> [Exercise description]:
In the records below, find every line that contains "sets" and list it.

> [Records for processing]:
definition lattice_basis :: "(real^2) set \<Rightarrow> real^2 \<Rightarrow> real^2 \<Rightarrow> bool" where
  "lattice_basis L u1 u2 \<longleftrightarrow> u1 \<noteq> u2 \<and> independent {u1, u2} \<and> L = int_span2 u1 u2"

definition rank2_lattice :: "(real^2) set \<Rightarrow> bool" where
  "rank2_lattice L \<longleftrightarrow> (\<exists>u1 u2. lattice_basis L u1 u2)"

end

theory Submission
  imports Defs
begin

(*
  Let S be the set of lattice points w with Q (v - w) < c + \<lambda>. If a lattice point p other than
  q, r, s \<in> S is a convex combination p = \<alpha> q + \<beta> r + \<gamma> s, the parallel axis identity

    \<alpha> Q (v - q) + \<beta> Q (v - r) + \<gamma> Q (v - s) = Q (v - p) + \<alpha> Q (q - p) + \<beta> Q (r - p) + \<gamma> Q (s - p)

  has left side below c + \<lambda> and right side at least c + \<lambda>. So no triangle with vertices in S
  contains further lattice points. In particular the difference of two points of S is primitive,
  and in lattice coordinates in which these points are (0, 0) and (1, 0), all of S lies in the rows
  y = -1, 0, 1: row 0 is {0, 1}, the other rows consist of at most two adjacent points, and if both
  are occupied they are single points (a, 1), (1 - a, -1). Either way S lies in a unimodular
  parallelogram.
*)

section \<open>Sublevel sets of a quadratic form on a lattice\<close>

lemma quadratic_form_diff:
  fixes A :: "real^'n^'n"
  shows "(x - y) \<bullet> (A *v (x - y)) = x \<bullet> (A *v x) - x \<bullet> (A *v y) - y \<bullet> (A *v x) + y \<bullet> (A *v y)"
  by (simp add: matrix_vector_mult_diff_distrib inner_diff_left inner_diff_right)

lemma quadratic_form_convex_comb3:
  fixes A :: "real^'n^'n"
  defines "Q \<equiv> \<lambda>x. x \<bullet> (A *v x)"
  assumes "\<alpha> + \<beta> + \<gamma> = 1" and "p = \<alpha> *\<^sub>R q + \<beta> *\<^sub>R r + \<gamma> *\<^sub>R s"
  shows "\<alpha> * Q (v - q) + \<beta> * Q (v - r) + \<gamma> * Q (v - s)
           = Q (v - p) + \<alpha> * Q (q - p) + \<beta> * Q (r - p) + \<gamma> * Q (s - p)"
proof -
  define a b1 b2 b3 where "a = v - p" and "b1 = q - p" and "b2 = r - p" and "b3 = s - p"
  have "\<alpha> *\<^sub>R b1 + \<beta> *\<^sub>R b2 + \<gamma> *\<^sub>R b3 = p - (\<alpha> + \<beta> + \<gamma>) *\<^sub>R p"
    unfolding b1_def b2_def b3_def using assms(3) by (simp add: algebra_simps)
  then have centred: "\<alpha> *\<^sub>R b1 + \<beta> *\<^sub>R b2 + \<gamma> *\<^sub>R b3 = 0"
    using assms(2) by simp
  have "\<alpha> * (a \<bullet> (A *v b1)) + \<beta> * (a \<bullet> (A *v b2)) + \<gamma> * (a \<bullet> (A *v b3))
      = a \<bullet> (A *v (\<alpha> *\<^sub>R b1 + \<beta> *\<^sub>R b2 + \<gamma> *\<^sub>R b3))"
    by (simp add: matrix_vector_right_distrib matrix_vector_mult_scaleR inner_add_right)
  then have cross1: "\<alpha> * (a \<bullet> (A *v b1)) + \<beta> * (a \<bullet> (A *v b2)) + \<gamma> * (a \<bullet> (A *v b3)) = 0"
    unfolding centred by simp
  have "\<alpha> * (b1 \<bullet> (A *v a)) + \<beta> * (b2 \<bullet> (A *v a)) + \<gamma> * (b3 \<bullet> (A *v a))
      = (\<alpha> *\<^sub>R b1 + \<beta> *\<^sub>R b2 + \<gamma> *\<^sub>R b3) \<bullet> (A *v a)"
    by (simp add: inner_add_left)
  then have cross2: "\<alpha> * (b1 \<bullet> (A *v a)) + \<beta> * (b2 \<bullet> (A *v a)) + \<gamma> * (b3 \<bullet> (A *v a)) = 0"
    unfolding centred by simp
  have "v - q = a - b1" "v - r = a - b2" "v - s = a - b3"
    unfolding a_def b1_def b2_def b3_def by simp_all
  moreover have "(\<alpha> + \<beta> + \<gamma>) * (a \<bullet> (A *v a)) = a \<bullet> (A *v a)"
    using assms(2) by simp
  ultimately show ?thesis
    unfolding Q_def a_def[symmetric] b1_def[symmetric] b2_def[symmetric] b3_def[symmetric]
    using cross1 cross2 by (simp add: quadratic_form_diff ring_distribs)
qed

lemma convex_comb3_less:
  fixes x y z :: real
  assumes "0 \<le> \<alpha>" "0 \<le> \<beta>" "0 \<le> \<gamma>" "\<alpha> + \<beta> + \<gamma> = 1" "x < K" "y < K" "z < K"
  shows "\<alpha> * x + \<beta> * y + \<gamma> * z < K"
proof -
  have "\<alpha> * x + \<beta> * y + \<gamma> * z \<le> \<alpha> * max x (max y z) + \<beta> * max x (max y z) + \<gamma> * max x (max y z)"
    using assms(1-3) by (intro add_mono mult_left_mono) auto
  also have "\<dots> = max x (max y z)"
    using assms(4) by (metis distrib_right mult_1)
  finally show ?thesis
    using assms(5-7) by linarith
qed

lemma convex_comb3_ge:
  fixes x y z :: real
  assumes "0 \<le> \<alpha>" "0 \<le> \<beta>" "0 \<le> \<gamma>" "\<alpha> + \<beta> + \<gamma> = 1" "K \<le> x" "K \<le> y" "K \<le> z"
  shows "K \<le> \<alpha> * x + \<beta> * y + \<gamma> * z"
proof -
  have "\<alpha> * K + \<beta> * K + \<gamma> * K \<le> \<alpha> * x + \<beta> * y + \<gamma> * z"
    using assms by (intro add_mono mult_left_mono) auto
  then show ?thesis
    using assms(4) by (metis distrib_right mult_1)
qed

definition lattice_empty_triangles :: "'a::real_vector set \<Rightarrow> 'a set \<Rightarrow> bool" where
  "lattice_empty_triangles L S \<longleftrightarrow> (\<forall>q\<in>S. \<forall>r\<in>S. \<forall>s\<in>S. L \<inter> convex hull {q, r, s} \<subseteq> {q, r, s})"

lemma lattice_empty_triangles_sublevel:
  fixes A :: "real^'n^'n" and L :: "(real^'n) set"
  assumes Q: "Q = (\<lambda>x. x \<bullet> (A *v x))"
    and diff_closed: "\<And>p q. p \<in> L \<Longrightarrow> q \<in> L \<Longrightarrow> q - p \<in> L"
    and dist_bound: "\<And>p. p \<in> L \<Longrightarrow> c \<le> Q (v - p)"
    and min_bound: "\<And>x. x \<in> L \<Longrightarrow> x \<noteq> 0 \<Longrightarrow> \<mu> \<le> Q x"
  shows "lattice_empty_triangles L {w \<in> L. Q (v - w) < c + \<mu>}"
  unfolding lattice_empty_triangles_def
proof (intro ballI subsetI)
  fix q r s p
  assume S: "q \<in> {w \<in> L. Q (v - w) < c + \<mu>}" "r \<in> {w \<in> L. Q (v - w) < c + \<mu>}"
    "s \<in> {w \<in> L. Q (v - w) < c + \<mu>}" and p: "p \<in> L \<inter> convex hull {q, r, s}"
  show "p \<in> {q, r, s}"
  proof (rule ccontr)
    assume new: "p \<notin> {q, r, s}"
    obtain \<alpha> \<beta> \<gamma> where w: "0 \<le> \<alpha>" "0 \<le> \<beta>" "0 \<le> \<gamma>" "\<alpha> + \<beta> + \<gamma> = 1"
      and p_eq: "p = \<alpha> *\<^sub>R q + \<beta> *\<^sub>R r + \<gamma> *\<^sub>R s"
      using p by (auto simp: convex_hull_3)
    have "\<mu> \<le> Q (x - p)" if "x \<in> {q, r, s}" for x
      using min_bound diff_closed that S p new by auto
    then have "\<mu> \<le> \<alpha> * Q (q - p) + \<beta> * Q (r - p) + \<gamma> * Q (s - p)"
      using w by (intro convex_comb3_ge) auto
    moreover have "\<alpha> * Q (v - q) + \<beta> * Q (v - r) + \<gamma> * Q (v - s) < c + \<mu>"
      using w S by (intro convex_comb3_less) auto
    moreover have "c \<le> Q (v - p)"
      using dist_bound p by blast
    ultimately show False
      using quadratic_form_convex_comb3[OF w(4) p_eq, where A=A and v=v] unfolding Q by linarith
  qed
qed

section \<open>Integer point sets with empty triangles\<close>

definition unimodular :: "int \<times> int \<Rightarrow> int \<times> int \<Rightarrow> bool" where
  "unimodular x y \<longleftrightarrow> \<bar>fst x * snd y - snd x * fst y\<bar> = 1"

(* The convex weights a / (a + b + c), b / (a + b + c), c / (a + b + c) are kept with their common
   denominator cleared, so that the condition stays in \<int>. *)
definition empty_triangles_int :: "(int \<times> int) set \<Rightarrow> bool" where
  "empty_triangles_int T \<longleftrightarrow> (\<forall>q\<in>T. \<forall>r\<in>T. \<forall>s\<in>T. \<forall>p a b c.
     0 \<le> a \<and> 0 \<le> b \<and> 0 \<le> c \<and> 0 < a + b + c \<and>
     (a + b + c) * fst p = a * fst q + b * fst r + c * fst s \<and>
     (a + b + c) * snd p = a * snd q + b * snd r + c * snd s \<longrightarrow> p \<in> {q, r, s})"

lemma empty_triangles_intD:
  assumes "empty_triangles_int T" "q \<in> T" "r \<in> T" "s \<in> T"
    and "0 \<le> a" "0 \<le> b" "0 \<le> c" "0 < a + b + c"
    and "(a + b + c) * fst p = a * fst q + b * fst r + c * fst s"
    and "(a + b + c) * snd p = a * snd q + b * snd r + c * snd s"
  shows "p \<in> {q, r, s}"
  using assms unfolding empty_triangles_int_def by blast

lemma empty_triangles_int_coprime:
  assumes T: "empty_triangles_int T" and "q \<in> T" "r \<in> T" "q \<noteq> r"
  shows "coprime (fst r - fst q) (snd r - snd q)"
proof (rule ccontr)
  define m n where "m = fst r - fst q" and "n = snd r - snd q"
  define g where "g = gcd m n"
  assume "\<not> coprime (fst r - fst q) (snd r - snd q)"
  moreover have "m \<noteq> 0 \<or> n \<noteq> 0"
    using \<open>q \<noteq> r\<close> unfolding m_def n_def by (auto simp: prod_eq_iff)
  ultimately have g2: "2 \<le> g"
    using gcd_pos_int[of m n] unfolding g_def m_def n_def coprime_iff_gcd_eq_1 by linarith
  obtain m' n' where m': "m = g * m'" and n': "n = g * n'"
    unfolding g_def by (meson gcd_dvd1 gcd_dvd2 dvdE)
  have "m' \<noteq> 0 \<or> n' \<noteq> 0"
    using \<open>m \<noteq> 0 \<or> n \<noteq> 0\<close> m' n' by auto
  define p where "p = (fst q + m', snd q + n')"
  have "p \<in> {q, r, q}"
    by (rule empty_triangles_intD[OF T \<open>q \<in> T\<close> \<open>r \<in> T\<close> \<open>q \<in> T\<close>, of "g - 1" 1 0])
      (use g2 m' n' in \<open>auto simp: p_def m_def n_def algebra_simps\<close>)
  moreover have "p \<noteq> q"
    using \<open>m' \<noteq> 0 \<or> n' \<noteq> 0\<close> unfolding p_def by (auto simp: prod_eq_iff)
  moreover have "p \<noteq> r"
  proof
    assume "p = r"
    then have "(g - 1) * m' = 0" "(g - 1) * n' = 0"
      using m' n' unfolding p_def m_def n_def by (auto simp: algebra_simps)
    then show False
      using g2 \<open>m' \<noteq> 0 \<or> n' \<noteq> 0\<close> by simp
  qed
  ultimately show False
    by blast
qed

lemma empty_triangles_int_same_row:
  assumes "empty_triangles_int T" "(x, y) \<in> T" "(x', y) \<in> T"
  shows "\<bar>x - x'\<bar> \<le> 1"
  using empty_triangles_int_coprime[OF assms] by (cases "x = x'") auto

lemma int_set_subset_consecutive:
  fixes X :: "int set"
  assumes "\<And>x y. x \<in> X \<Longrightarrow> y \<in> X \<Longrightarrow> \<bar>x - y\<bar> \<le> 1"
  shows "\<exists>a. X \<subseteq> {a, a + 1}"
proof (cases "X = {}")
  case False
  then obtain x0 where "x0 \<in> X" by blast
  define a where "a = (if x0 - 1 \<in> X then x0 - 1 else x0)"
  have "x \<in> {a, a + 1}" if "x \<in> X" for x
  proof (cases "x0 - 1 \<in> X")
    case True
    then show ?thesis
      using assms[OF that \<open>x0 \<in> X\<close>] assms[OF that True] unfolding a_def by auto
  next
    case False
    then have "x \<noteq> x0 - 1"
      using that by auto
    then show ?thesis
      using assms[OF that \<open>x0 \<in> X\<close>] False unfolding a_def by auto
  qed
  then show ?thesis by blast
qed simp

context
  fixes T :: "(int \<times> int) set"
  assumes T: "empty_triangles_int T" and origin: "(0, 0) \<in> T" and unit: "(1, 0) \<in> T"
begin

> [Final answer]:
section \<open>Sublevel sets of a quadratic form on a lattice\<close>
section \<open>Integer point sets with empty triangles\<close>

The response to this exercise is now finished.